Data records:
lemma cyc_nth_reachable:
  assumes "us \<noteq> []"
  obtains k where "cyc_nth us (j + k) = cyc_nth us i"
proof
  have "1 * j \<le> length us * j" using assms by (intro mult_le_mono1) (simp add: Suc_le_eq)
  then have "j + (i + length us * j - j) = i + length us * j" by linarith
  then show "cyc_nth us (j + (i + length us * j - j)) = cyc_nth us i"
    by (simp add: cyc_nth_def)
qed

lemma cycle_edges_conv_cyc_nth:
  "cycle_edges us = (\<lambda>i. {cyc_nth us i, cyc_nth us (Suc i)}) ` {..<length us}"
  unfolding cycle_edges_def cyc_nth_def by (auto simp: image_def)

lemma cyc_nth_edge_in_cycle_edges:
  assumes "us \<noteq> []"
  shows "{cyc_nth us i, cyc_nth us (Suc i)} \<in> cycle_edges us"
proof -
  have "i mod length us \<in> {..<length us}" using assms by simp
  moreover have "{cyc_nth us i, cyc_nth us (Suc i)}
      = {cyc_nth us (i mod length us), cyc_nth us (Suc (i mod length us))}"
    by (simp add: cyc_nth_def mod_Suc_eq)
  ultimately show ?thesis unfolding cycle_edges_conv_cyc_nth by (rule rev_image_eqI)
qed

lemma cycle_verts_cycle_edges:
  assumes "us \<noteq> []"
  shows "cycle_verts (cycle_edges us) = set us"
  using assms set_conv_cyc_nth[OF assms]
  by (auto simp: cycle_verts_def cycle_edges_conv_cyc_nth intro: cyc_nth_in_set)

lemma cycle_edges_neighbour:
  assumes "distinct us" "us \<noteq> []" "{cyc_nth us (Suc j), x} \<in> cycle_edges us"
  shows "x = cyc_nth us (Suc (Suc j)) \<or> x = cyc_nth us j"
proof -
  obtain i where i: "{cyc_nth us (Suc j), x} = {cyc_nth us i, cyc_nth us (Suc i)}"
    using assms(3) by (auto simp: cycle_edges_conv_cyc_nth)
  show ?thesis
  proof (cases "cyc_nth us (Suc j) = cyc_nth us i")
    case True
    then have "cyc_nth us (Suc i) = cyc_nth us (Suc (Suc j))"
      using cyc_nth_Suc_eq_iff[OF assms(1,2)] by metis
    then show ?thesis using i True by (auto simp: doubleton_eq_iff)
  next
    case False
    then have "cyc_nth us (Suc j) = cyc_nth us (Suc i)" "x = cyc_nth us i"
      using i by (auto simp: doubleton_eq_iff)
    then show ?thesis using cyc_nth_Suc_eq_iff[OF assms(1,2)] by metis
  qed
qed

lemma card_cycle_edges:
  assumes "distinct us" "length us \<ge> 3"
  shows "card (cycle_edges us) = length us"
proof -
  let ?l = "length us"
  have ne: "us \<noteq> []" using assms(2) by auto
  have "i = j" if ij: "i < ?l" "j < ?l"
    and eq: "{cyc_nth us i, cyc_nth us (Suc i)} = {cyc_nth us j, cyc_nth us (Suc j)}" for i j
  proof (cases "cyc_nth us i = cyc_nth us j")
    case True
    then show ?thesis using cyc_nth_eq_iff[OF assms(1) ne] ij by simp
  next
    case False
    then have "cyc_nth us i = cyc_nth us (Suc j)" "cyc_nth us (Suc i) = cyc_nth us j"
      using eq by (auto simp: doubleton_eq_iff)
    \<comment> \<open>i and j are then neighbours on both sides, which forces the length to divide 2\<close>
    then have "cyc_nth us (Suc (Suc i)) = cyc_nth us i"
      using cyc_nth_Suc_eq_iff[OF assms(1) ne] by metis
    then have "(i + 2) mod ?l = i mod ?l" using cyc_nth_eq_iff[OF assms(1) ne] by simp
    then have "?l dvd 2" using mod_eq_dvd_iff_nat[of i "i + 2" ?l] by simp
    then show ?thesis using assms(2) by (simp add: nat_dvd_not_less)
  qed
  then have "inj_on (\<lambda>i. {cyc_nth us i, cyc_nth us (Suc i)}) {..<?l}"
    by (auto intro: inj_onI)
  then show ?thesis by (simp add: cycle_edges_conv_cyc_nth card_image)
qed

section \<open>Cycles and the bijections traversing them\<close>

lemma is_cycleE:
  assumes "is_cycle E R"
  obtains us where "distinct us" "length us \<ge> 3" "\<And>i. E (cyc_nth us i) (cyc_nth us (Suc i))"
    "R = cycle_edges us"
proof -
  obtain us where us: "distinct us" "length us \<ge> 3"
      "\<forall>i < length us. E (us ! i) (us ! ((i + 1) mod length us))" "R = cycle_edges us"
    using assms unfolding is_cycle_def by blast
  have pos: "length us > 0" using us(2) by linarith
  have "E (cyc_nth us i) (cyc_nth us (Suc i))" for i
    using us(3)[rule_format, OF mod_less_divisor[OF pos]] by (simp add: cyc_nth_def mod_Suc_eq)
  then show ?thesis using that us by blast
qed

lemma is_cycle_cycle_edges:
  assumes "distinct us" "length us \<ge> 3" "\<And>i. E (cyc_nth us i) (cyc_nth us (Suc i))"
  shows "is_cycle E (cycle_edges us)"
  using assms unfolding is_cycle_def by (metis Suc_eq_plus1 cyc_nth_def mod_less)

lemma is_cycle_cycle_verts:
  assumes "is_cycle E R"
  shows "finite (cycle_verts R)" "cycle_verts R \<noteq> {}" "card (cycle_verts R) = card R"
proof -
  obtain us where us: "distinct us" "length us \<ge> 3" "R = cycle_edges us"
    using is_cycleE[OF assms] by metis
  then have "us \<noteq> []" by auto
  then show "finite (cycle_verts R)" "cycle_verts R \<noteq> {}" "card (cycle_verts R) = card R"
    using card_cycle_edges[OF us(1,2)] distinct_card[OF us(1)] us(3)
    by (simp_all add: cycle_verts_cycle_edges)
qed

lemma is_cycle_edge_adjacent:
  assumes "symp E" "is_cycle E R" "{x, y} \<in> R"
  shows "E x y"
proof -
  obtain us where us: "\<And>i. E (cyc_nth us i) (cyc_nth us (Suc i))" "R = cycle_edges us"
    using is_cycleE[OF assms(2)] by metis
  obtain i where "{x, y} = {cyc_nth us i, cyc_nth us (Suc i)}"
    using assms(3) us(2) by (auto simp: cycle_edges_conv_cyc_nth)
  then show ?thesis using us(1)[of i] assms(1) by (auto simp: doubleton_eq_iff dest: sympD)
qed

lemma simple_graph_cycle_verts_subset:
  assumes "simple_graph V E" "is_cycle E R"
  shows "cycle_verts R \<subseteq> V"
proof
  fix x assume x: "x \<in> cycle_verts R"
  obtain us where us: "length us \<ge> 3" "\<And>i. E (cyc_nth us i) (cyc_nth us (Suc i))"
      "R = cycle_edges us"
    using is_cycleE[OF assms(2)] by metis
  then have ne: "us \<noteq> []" by auto
  then obtain i where "x = cyc_nth us i"
    using x us(3) by (auto simp: cycle_verts_cycle_edges set_conv_cyc_nth)
  then show "x \<in> V" using us(2)[of i] assms(1) unfolding simple_graph_def by metis
qed

lemma is_4k_cycle_cycle_edges_iff:
  assumes "distinct us" "length us \<ge> 2" "\<And>i. E (cyc_nth us i) (cyc_nth us (Suc i))"
  shows "is_4k_cycle E (cycle_edges us) \<longleftrightarrow> 4 dvd length us"
proof (cases "length us \<ge> 3")
  case True
  then show ?thesis unfolding is_4k_cycle_def
    using is_cycle_cycle_edges[where E = E, OF assms(1) True assms(3)]
      card_cycle_edges[OF assms(1) True] by simp
next
  case False
  \<comment> \<open>for length 2 both edges coincide, so the edge set has a single element\<close>
  then have l2: "length us = 2" using assms(2) by simp
  moreover have "{..<length us} = {0, 1}" using l2 by auto
  ultimately have "cycle_edges us
      = {{cyc_nth us 0, cyc_nth us 1}, {cyc_nth us 1, cyc_nth us (Suc (Suc 0))}}"
    by (simp add: cycle_edges_conv_cyc_nth)
  moreover have "cyc_nth us (Suc (Suc 0)) = cyc_nth us 0"
    using cyc_nth_add_length[of us 0] l2 by (simp add: numeral_2_eq_2)
  ultimately have "card (cycle_edges us) = 1" by (simp add: insert_commute)
  then show ?thesis unfolding is_4k_cycle_def using l2 by simp
qed

text \<open>For a bijection p, traverses p R says that p restricted to the vertices of the cycle R is
  one of its two rotations.\<close>
definition traverses :: "('a \<Rightarrow> 'a) \<Rightarrow> 'a set set \<Rightarrow> bool" where
  "traverses p R \<longleftrightarrow> R = (\<lambda>y. {y, p y}) ` cycle_verts R"

lemma traverses_cong:
  assumes "\<And>y. y \<in> cycle_verts R \<Longrightarrow> f y = g y"
  shows "traverses f R = traverses g R"
  unfolding traverses_def using assms by (metis (no_types, lifting) image_cong)

lemma traverses_edge:
  assumes "traverses p R" "y \<in> cycle_verts R"
  shows "{y, p y} \<in> R"
  using assms unfolding traverses_def by (metis imageI)

lemma traverses_closed:
  assumes "traverses p R" "y \<in> cycle_verts R"
  shows "p y \<in> cycle_verts R"
  using traverses_edge[OF assms] unfolding cycle_verts_def by blast

lemma traverses_edgeE:
  assumes "traverses p R" "e \<in> R"
  obtains y where "y \<in> cycle_verts R" "e = {y, p y}"
  using assms unfolding traverses_def by blast

lemma traverses_moves:
  assumes "is_cycle E R" "traverses p R" "y \<in> cycle_verts R"
  shows "p y \<noteq> y"
proof
  assume fixed: "p y = y"
  obtain us where us: "distinct us" "length us \<ge> 3" "R = cycle_edges us"
    using is_cycleE[OF assms(1)] by metis
  obtain i where "{y, p y} = {cyc_nth us i, cyc_nth us (Suc i)}"
    using traverses_edge[OF assms(2,3)] us(3) by (auto simp: cycle_edges_conv_cyc_nth)
  then show False using fixed cyc_nth_Suc_neq[OF us(1), of i] us(2) by (auto simp: doubleton_eq_iff)
qed

lemma traverses_image:
  assumes "is_cycle E R" "traverses p R" "inj p"
  shows "p ` cycle_verts R = cycle_verts R"
proof -
  have "p ` cycle_verts R \<subseteq> cycle_verts R" using traverses_closed[OF assms(2)] by blast
  moreover have "card (p ` cycle_verts R) = card (cycle_verts R)"
    using card_image assms(3) by (metis inj_on_subset subset_UNIV)
  ultimately show ?thesis using card_subset_eq is_cycle_cycle_verts(1)[OF assms(1)] by metis
qed
lemma b_dist_repeated_cyclic_code_ge:
  fixes c c' :: "'a::field list"
  assumes hq: "[:-1, 1:] ^ q = (monom 1 q - 1 :: 'a poly)"
    and "b + i \<le> q" and "i \<le> b"
    and "c \<in> repeated_cyclic_code N q i" and "c' \<in> repeated_cyclic_code N q i" and "c \<noteq> c'"
  shows "N * (b + i) \<le> b_dist b c c'"
proof -
  define R where "R g = (g * [:-1, 1:] ^ i) mod (monom 1 q - 1 :: 'a poly)" for g
  obtain g g' where c: "c = periodic_word (N * q) q (R g)" and c': "c' = periodic_word (N * q) q (R g')"
    using assms(4,5) by (auto simp: repeated_cyclic_code_def R_def)
  have "0 < q"
    using hq by (cases q) auto
  have dvd_M: "[:-1, 1:] ^ i dvd (monom 1 q - 1 :: 'a poly)"
    unfolding hq[symmetric] using assms(2) by (simp add: le_imp_power_dvd)
  have "R g - R g' \<noteq> 0"
    using \<open>c \<noteq> c'\<close> by (auto simp: c c')
  moreover have "degree (R g - R g') < q"
    using \<open>0 < q\<close> by (intro degree_diff_less) (simp_all add: R_def degree_mod_monom_minus_one_less)
  moreover have "[:-1, 1:] ^ i dvd R g - R g'"
    unfolding R_def by (intro dvd_diff dvd_mod dvd_M dvd_mult) simp_all
  ultimately have "b + degree ([:-1, 1:] ^ i :: 'a poly) \<le> b_symbol_weight b q (R g - R g')"
    using dvd_M assms(2,3) by (intro b_symbol_weight_ge) (simp_all add: degree_linear_power)
  then show ?thesis
    unfolding c c' b_dist_periodic_word[OF \<open>0 < q\<close>] by (simp add: degree_linear_power)
qed

lemma min_b_dist_repeated_cyclic_code:
  assumes hq: "[:-1, 1:] ^ q = (monom 1 q - 1 :: 'a::field poly)"
    and "0 < N" and "0 < b" and "b + i \<le> q" and "i \<le> b"
  shows "min_b_dist b (repeated_cyclic_code N q i :: 'a list set) = N * (b + i)"
proof -
  let ?c = "periodic_word (N * q) q ([:-1, 1:] ^ i :: 'a poly)" and ?c' = "periodic_word (N * q) q (0 :: 'a poly)"
  have "0 < q" and "i < q"
    using assms(3-5) by auto
  then have "degree ([:-1, 1:] ^ i :: 'a poly) < degree (monom 1 q - 1 :: 'a poly)"
    by (simp only: degree_linear_power degree_monom_minus_one)
  then have "[:-1, 1:] ^ i = (1 * [:-1, 1:] ^ i) mod (monom 1 q - 1 :: 'a poly)"
    and "0 = (0 * [:-1, 1:] ^ i) mod (monom 1 q - 1 :: 'a poly)"
    by (simp_all add: mod_poly_less)
  then have "?c \<in> repeated_cyclic_code N q i" and "?c' \<in> repeated_cyclic_code N q i"
    unfolding repeated_cyclic_code_def by (metis (mono_tags, lifting) mem_Collect_eq)+
  moreover have "?c \<noteq> ?c'"
  proof -
    have "coeff ([:-1, 1:] ^ i :: 'a poly) i = 1"
      using lead_coeff_power[of "[:-1, 1:] :: 'a poly" i] by (simp add: degree_linear_power)
    moreover have "i < N * q"
      using \<open>i < q\<close> \<open>0 < N\<close> by (simp add: less_le_trans)
    ultimately show ?thesis
      unfolding periodic_word_def using \<open>i < q\<close> by (auto intro!: bexI[of _ i])
  qed
  moreover have "b_dist b ?c ?c' \<le> N * (b + i)"
    unfolding b_dist_periodic_word[OF \<open>0 < q\<close>]
    using b_symbol_weight_le[OF \<open>0 < b\<close>, of "[:-1, 1:] ^ i" i q] \<open>0 < N\<close>
    by (simp add: degree_linear_power)
  ultimately show ?thesis
    using b_dist_repeated_cyclic_code_ge[OF hq assms(4,5)]
    by (intro min_b_dist_eqI) (auto intro: antisym)
qed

What the exercise asks
Copy out every line from the data above that has "fixed" in it.

Exercise result
  assume fixed: "p y = y"
  then show False using fixed cyc_nth_Suc_neq[OF us(1), of i] us(2) by (auto simp: doubleton_eq_iff)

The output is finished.